> [Problem description]
Nothing outside the stretch is wanted. Repeat exactly the lines of the listing below from the one that contains "(block_weight init P f" through the one that contains "1) (prior_marg init P T s)", both ends included.

> [Materials provided]
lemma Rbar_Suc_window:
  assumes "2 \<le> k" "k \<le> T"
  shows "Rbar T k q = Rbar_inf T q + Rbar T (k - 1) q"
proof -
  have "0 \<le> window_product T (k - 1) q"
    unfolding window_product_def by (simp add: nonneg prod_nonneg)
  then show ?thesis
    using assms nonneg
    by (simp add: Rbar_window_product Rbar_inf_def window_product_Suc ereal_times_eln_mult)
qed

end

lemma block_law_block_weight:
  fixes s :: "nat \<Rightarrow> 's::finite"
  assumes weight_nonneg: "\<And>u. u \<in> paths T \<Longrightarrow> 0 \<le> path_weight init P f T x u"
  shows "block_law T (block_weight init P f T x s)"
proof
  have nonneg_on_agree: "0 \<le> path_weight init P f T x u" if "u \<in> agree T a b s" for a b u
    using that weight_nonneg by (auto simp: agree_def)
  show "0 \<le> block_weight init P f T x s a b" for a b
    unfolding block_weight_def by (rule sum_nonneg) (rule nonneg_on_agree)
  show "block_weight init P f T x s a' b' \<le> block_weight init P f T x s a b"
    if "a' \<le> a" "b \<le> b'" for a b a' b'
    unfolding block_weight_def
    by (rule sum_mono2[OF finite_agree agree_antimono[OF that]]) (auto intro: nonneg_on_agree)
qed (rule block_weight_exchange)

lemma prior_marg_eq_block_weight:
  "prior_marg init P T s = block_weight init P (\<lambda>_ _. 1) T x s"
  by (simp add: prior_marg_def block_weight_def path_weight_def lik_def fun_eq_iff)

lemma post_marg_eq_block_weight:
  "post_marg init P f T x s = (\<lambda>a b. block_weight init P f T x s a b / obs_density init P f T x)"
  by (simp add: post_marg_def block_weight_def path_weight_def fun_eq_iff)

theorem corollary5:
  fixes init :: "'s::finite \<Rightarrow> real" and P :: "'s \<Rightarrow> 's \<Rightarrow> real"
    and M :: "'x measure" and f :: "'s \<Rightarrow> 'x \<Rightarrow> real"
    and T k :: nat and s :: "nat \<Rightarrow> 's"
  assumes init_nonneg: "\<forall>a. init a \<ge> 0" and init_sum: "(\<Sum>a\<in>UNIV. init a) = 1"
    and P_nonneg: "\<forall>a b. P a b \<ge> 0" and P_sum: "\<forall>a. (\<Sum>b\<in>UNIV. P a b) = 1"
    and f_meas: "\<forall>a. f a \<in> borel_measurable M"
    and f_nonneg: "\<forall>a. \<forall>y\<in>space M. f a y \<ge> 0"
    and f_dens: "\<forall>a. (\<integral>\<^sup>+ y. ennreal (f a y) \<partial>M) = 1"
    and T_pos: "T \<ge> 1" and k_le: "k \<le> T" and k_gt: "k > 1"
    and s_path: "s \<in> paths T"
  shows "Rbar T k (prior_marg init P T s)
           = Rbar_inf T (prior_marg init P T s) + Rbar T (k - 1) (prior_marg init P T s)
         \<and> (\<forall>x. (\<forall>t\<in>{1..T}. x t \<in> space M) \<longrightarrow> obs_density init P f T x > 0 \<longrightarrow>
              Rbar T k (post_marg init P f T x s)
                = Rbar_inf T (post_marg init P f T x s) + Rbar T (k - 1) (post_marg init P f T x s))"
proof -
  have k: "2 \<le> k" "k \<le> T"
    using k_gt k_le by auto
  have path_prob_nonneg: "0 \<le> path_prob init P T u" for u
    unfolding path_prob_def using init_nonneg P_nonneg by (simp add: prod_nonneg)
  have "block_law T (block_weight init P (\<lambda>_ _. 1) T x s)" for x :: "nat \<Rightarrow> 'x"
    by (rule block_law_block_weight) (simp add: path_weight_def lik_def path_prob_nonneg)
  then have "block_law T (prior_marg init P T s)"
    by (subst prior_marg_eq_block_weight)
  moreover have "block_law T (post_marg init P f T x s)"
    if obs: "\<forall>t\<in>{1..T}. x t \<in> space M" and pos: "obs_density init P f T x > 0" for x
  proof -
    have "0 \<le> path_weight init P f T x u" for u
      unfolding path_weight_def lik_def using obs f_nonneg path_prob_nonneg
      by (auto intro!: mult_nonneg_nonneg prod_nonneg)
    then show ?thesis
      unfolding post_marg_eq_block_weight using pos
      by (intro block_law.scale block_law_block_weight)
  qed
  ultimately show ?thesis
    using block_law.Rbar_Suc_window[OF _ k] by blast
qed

* * *

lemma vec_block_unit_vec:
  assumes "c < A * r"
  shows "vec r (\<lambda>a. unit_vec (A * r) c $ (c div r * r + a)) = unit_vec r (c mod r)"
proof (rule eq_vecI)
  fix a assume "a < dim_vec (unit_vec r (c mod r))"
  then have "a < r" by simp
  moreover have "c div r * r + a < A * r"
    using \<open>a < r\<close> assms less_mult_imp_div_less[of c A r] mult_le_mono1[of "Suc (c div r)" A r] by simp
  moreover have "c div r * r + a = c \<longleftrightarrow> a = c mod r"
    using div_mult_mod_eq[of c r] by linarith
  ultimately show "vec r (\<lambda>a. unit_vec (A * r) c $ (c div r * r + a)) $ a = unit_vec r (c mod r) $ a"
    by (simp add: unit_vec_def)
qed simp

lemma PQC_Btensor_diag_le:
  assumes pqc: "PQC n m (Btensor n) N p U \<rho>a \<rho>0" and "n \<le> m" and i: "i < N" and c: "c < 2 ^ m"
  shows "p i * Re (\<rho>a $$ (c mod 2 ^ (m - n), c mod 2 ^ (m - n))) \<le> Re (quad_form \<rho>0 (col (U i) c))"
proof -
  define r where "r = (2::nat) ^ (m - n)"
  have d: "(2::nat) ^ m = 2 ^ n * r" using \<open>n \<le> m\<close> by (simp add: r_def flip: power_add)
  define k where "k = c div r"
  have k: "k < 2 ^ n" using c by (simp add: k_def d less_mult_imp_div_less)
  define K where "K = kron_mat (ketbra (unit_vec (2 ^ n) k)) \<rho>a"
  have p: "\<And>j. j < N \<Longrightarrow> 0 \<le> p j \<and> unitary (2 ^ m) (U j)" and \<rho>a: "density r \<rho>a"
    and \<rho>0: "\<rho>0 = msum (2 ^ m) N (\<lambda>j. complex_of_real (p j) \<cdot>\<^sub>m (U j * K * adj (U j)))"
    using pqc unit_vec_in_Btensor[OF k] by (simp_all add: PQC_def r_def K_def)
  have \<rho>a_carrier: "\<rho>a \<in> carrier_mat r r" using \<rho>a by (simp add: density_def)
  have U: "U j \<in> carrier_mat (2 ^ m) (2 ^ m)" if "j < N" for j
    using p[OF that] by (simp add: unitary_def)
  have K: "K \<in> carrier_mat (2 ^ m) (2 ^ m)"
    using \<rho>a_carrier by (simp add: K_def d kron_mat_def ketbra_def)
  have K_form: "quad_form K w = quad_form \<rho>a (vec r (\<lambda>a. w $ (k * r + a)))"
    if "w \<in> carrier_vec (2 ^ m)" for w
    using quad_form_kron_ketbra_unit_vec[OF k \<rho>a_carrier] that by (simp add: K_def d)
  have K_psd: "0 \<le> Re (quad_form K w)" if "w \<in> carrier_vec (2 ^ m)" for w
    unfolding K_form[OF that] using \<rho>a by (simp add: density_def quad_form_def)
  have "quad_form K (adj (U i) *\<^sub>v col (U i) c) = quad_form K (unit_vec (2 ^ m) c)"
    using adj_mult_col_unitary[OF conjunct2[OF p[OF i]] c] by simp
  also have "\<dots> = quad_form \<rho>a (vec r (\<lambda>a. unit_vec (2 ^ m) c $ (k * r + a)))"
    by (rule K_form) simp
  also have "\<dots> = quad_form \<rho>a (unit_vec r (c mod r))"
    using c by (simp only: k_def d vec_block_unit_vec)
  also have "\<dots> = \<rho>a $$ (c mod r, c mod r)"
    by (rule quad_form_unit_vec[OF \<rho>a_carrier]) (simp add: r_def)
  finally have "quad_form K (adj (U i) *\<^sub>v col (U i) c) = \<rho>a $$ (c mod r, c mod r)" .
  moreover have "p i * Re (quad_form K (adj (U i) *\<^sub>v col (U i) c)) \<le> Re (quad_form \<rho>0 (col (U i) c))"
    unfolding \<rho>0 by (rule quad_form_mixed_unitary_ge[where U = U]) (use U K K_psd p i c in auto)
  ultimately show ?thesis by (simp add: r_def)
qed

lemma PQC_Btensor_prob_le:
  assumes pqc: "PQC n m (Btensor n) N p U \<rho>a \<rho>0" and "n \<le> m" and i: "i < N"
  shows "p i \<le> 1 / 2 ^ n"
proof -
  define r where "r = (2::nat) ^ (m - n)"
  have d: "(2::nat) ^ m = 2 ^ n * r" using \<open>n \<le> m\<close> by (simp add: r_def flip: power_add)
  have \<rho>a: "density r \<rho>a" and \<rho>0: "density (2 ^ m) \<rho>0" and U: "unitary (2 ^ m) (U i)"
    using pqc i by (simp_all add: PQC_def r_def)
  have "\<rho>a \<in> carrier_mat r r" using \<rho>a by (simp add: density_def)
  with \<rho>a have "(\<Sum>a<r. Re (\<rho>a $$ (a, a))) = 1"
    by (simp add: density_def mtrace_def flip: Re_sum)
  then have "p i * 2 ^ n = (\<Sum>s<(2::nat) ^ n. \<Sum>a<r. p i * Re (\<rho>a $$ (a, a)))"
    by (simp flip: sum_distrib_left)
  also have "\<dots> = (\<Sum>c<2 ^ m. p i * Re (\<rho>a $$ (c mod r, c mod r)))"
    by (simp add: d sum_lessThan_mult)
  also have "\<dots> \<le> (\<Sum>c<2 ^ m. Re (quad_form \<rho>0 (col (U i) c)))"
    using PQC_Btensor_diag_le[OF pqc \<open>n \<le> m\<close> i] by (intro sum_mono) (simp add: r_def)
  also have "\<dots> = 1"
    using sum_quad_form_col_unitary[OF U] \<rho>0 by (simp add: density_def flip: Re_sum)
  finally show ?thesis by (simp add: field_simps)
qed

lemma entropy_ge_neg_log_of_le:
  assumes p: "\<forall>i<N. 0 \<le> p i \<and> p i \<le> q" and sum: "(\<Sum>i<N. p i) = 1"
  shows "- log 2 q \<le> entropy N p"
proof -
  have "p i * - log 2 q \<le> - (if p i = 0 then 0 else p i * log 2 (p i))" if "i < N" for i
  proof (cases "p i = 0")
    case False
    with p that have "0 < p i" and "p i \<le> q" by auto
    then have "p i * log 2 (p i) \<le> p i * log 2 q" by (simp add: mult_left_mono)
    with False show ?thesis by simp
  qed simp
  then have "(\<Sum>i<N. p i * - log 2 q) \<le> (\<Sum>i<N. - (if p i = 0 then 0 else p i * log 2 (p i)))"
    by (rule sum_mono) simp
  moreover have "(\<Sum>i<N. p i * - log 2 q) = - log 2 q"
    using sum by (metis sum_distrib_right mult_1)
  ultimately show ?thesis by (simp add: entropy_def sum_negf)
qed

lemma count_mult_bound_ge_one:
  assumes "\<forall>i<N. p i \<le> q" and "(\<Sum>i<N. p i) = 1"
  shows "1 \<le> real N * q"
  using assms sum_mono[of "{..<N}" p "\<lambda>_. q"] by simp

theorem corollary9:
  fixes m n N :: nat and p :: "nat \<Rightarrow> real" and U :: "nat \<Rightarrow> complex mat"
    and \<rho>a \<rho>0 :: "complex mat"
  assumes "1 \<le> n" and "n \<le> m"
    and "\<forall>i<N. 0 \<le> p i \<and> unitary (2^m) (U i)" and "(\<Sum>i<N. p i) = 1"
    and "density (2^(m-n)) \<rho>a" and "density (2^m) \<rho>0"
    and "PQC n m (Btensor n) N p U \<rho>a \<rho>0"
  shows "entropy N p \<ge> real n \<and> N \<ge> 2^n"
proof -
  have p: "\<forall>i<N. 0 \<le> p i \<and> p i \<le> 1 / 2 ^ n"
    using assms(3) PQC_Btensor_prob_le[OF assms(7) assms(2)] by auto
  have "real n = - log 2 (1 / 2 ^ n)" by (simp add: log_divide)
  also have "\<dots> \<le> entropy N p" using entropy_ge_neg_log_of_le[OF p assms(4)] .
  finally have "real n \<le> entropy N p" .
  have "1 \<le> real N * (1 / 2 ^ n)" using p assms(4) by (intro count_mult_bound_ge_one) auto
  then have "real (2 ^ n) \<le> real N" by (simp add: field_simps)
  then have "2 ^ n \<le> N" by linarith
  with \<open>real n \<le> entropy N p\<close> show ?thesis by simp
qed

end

...

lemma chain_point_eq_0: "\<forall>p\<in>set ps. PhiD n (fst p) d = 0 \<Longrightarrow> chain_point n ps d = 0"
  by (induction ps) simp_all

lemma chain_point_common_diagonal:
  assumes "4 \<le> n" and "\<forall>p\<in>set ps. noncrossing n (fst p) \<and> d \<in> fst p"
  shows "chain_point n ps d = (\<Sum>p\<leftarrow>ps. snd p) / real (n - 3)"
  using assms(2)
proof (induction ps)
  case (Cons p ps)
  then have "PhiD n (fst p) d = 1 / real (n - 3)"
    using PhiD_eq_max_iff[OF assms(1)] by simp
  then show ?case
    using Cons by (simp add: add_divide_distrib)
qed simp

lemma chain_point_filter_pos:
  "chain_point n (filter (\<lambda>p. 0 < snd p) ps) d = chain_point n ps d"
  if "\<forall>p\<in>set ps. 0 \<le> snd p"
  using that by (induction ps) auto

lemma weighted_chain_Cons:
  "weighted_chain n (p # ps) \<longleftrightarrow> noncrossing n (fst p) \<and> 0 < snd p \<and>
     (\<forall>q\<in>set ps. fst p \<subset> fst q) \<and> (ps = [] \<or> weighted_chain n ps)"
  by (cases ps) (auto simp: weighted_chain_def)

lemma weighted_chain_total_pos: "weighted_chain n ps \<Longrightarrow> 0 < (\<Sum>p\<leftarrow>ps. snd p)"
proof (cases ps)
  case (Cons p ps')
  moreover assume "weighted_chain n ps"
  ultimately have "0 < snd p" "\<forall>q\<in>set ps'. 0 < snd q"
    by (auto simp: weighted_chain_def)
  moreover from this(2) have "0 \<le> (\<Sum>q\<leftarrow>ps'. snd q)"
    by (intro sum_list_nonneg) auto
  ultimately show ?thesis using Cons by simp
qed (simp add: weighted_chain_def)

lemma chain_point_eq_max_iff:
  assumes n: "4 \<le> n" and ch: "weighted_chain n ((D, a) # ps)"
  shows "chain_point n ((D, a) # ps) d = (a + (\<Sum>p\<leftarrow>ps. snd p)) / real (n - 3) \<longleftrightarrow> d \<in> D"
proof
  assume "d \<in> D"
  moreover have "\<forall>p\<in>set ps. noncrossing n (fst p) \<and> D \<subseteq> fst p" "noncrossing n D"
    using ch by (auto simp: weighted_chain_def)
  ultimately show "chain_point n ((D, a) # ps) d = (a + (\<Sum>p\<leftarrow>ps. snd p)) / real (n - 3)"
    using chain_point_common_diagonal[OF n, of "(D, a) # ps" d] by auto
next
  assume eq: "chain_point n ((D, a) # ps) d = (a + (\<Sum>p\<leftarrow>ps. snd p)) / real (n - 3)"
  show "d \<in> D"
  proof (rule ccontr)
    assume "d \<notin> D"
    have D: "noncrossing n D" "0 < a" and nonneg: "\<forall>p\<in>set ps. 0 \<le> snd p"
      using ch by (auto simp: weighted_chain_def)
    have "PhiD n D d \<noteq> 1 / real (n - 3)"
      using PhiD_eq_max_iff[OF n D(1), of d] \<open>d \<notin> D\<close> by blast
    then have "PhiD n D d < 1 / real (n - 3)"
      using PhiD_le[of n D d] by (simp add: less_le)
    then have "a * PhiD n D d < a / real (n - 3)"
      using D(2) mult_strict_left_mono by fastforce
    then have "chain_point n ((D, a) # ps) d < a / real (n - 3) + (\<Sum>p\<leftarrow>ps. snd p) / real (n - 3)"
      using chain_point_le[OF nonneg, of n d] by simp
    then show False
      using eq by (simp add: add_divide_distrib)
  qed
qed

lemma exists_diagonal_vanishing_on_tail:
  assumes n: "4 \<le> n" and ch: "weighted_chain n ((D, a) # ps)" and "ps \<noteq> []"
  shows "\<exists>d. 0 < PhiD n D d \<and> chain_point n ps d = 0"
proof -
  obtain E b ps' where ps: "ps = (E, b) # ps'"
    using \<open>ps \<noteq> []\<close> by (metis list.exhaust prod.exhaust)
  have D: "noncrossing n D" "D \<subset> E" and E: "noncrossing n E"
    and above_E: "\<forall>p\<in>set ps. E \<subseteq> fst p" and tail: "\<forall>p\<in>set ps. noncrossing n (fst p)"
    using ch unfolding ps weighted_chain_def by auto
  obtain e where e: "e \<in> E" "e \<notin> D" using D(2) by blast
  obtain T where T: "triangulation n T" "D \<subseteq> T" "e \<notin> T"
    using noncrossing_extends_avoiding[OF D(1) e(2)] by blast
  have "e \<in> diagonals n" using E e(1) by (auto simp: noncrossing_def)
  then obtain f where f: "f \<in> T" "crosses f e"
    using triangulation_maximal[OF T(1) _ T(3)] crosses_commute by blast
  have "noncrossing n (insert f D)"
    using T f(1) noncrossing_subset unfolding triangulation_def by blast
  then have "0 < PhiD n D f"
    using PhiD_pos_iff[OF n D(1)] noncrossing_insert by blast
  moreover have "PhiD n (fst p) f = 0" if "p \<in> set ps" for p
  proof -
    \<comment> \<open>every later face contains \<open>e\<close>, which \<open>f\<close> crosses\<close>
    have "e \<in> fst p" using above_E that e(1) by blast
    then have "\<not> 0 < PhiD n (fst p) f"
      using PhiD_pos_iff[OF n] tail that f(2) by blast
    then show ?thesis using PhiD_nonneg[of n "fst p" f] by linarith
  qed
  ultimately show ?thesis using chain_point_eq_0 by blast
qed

> [Answer box]
  shows "block_law T (block_weight init P f T x s)"
proof
  have nonneg_on_agree: "0 \<le> path_weight init P f T x u" if "u \<in> agree T a b s" for a b u
    using that weight_nonneg by (auto simp: agree_def)
  show "0 \<le> block_weight init P f T x s a b" for a b
    unfolding block_weight_def by (rule sum_nonneg) (rule nonneg_on_agree)
  show "block_weight init P f T x s a' b' \<le> block_weight init P f T x s a b"
    if "a' \<le> a" "b \<le> b'" for a b a' b'
    unfolding block_weight_def
    by (rule sum_mono2[OF finite_agree agree_antimono[OF that]]) (auto intro: nonneg_on_agree)
qed (rule block_weight_exchange)

lemma prior_marg_eq_block_weight:
  "prior_marg init P T s = block_weight init P (\<lambda>_ _. 1) T x s"
  by (simp add: prior_marg_def block_weight_def path_weight_def lik_def fun_eq_iff)

lemma post_marg_eq_block_weight:
  "post_marg init P f T x s = (\<lambda>a b. block_weight init P f T x s a b / obs_density init P f T x)"
  by (simp add: post_marg_def block_weight_def path_weight_def fun_eq_iff)

theorem corollary5:
  fixes init :: "'s::finite \<Rightarrow> real" and P :: "'s \<Rightarrow> 's \<Rightarrow> real"
    and M :: "'x measure" and f :: "'s \<Rightarrow> 'x \<Rightarrow> real"
    and T k :: nat and s :: "nat \<Rightarrow> 's"
  assumes init_nonneg: "\<forall>a. init a \<ge> 0" and init_sum: "(\<Sum>a\<in>UNIV. init a) = 1"
    and P_nonneg: "\<forall>a b. P a b \<ge> 0" and P_sum: "\<forall>a. (\<Sum>b\<in>UNIV. P a b) = 1"
    and f_meas: "\<forall>a. f a \<in> borel_measurable M"
    and f_nonneg: "\<forall>a. \<forall>y\<in>space M. f a y \<ge> 0"
    and f_dens: "\<forall>a. (\<integral>\<^sup>+ y. ennreal (f a y) \<partial>M) = 1"
    and T_pos: "T \<ge> 1" and k_le: "k \<le> T" and k_gt: "k > 1"
    and s_path: "s \<in> paths T"
  shows "Rbar T k (prior_marg init P T s)
           = Rbar_inf T (prior_marg init P T s) + Rbar T (k - 1) (prior_marg init P T s)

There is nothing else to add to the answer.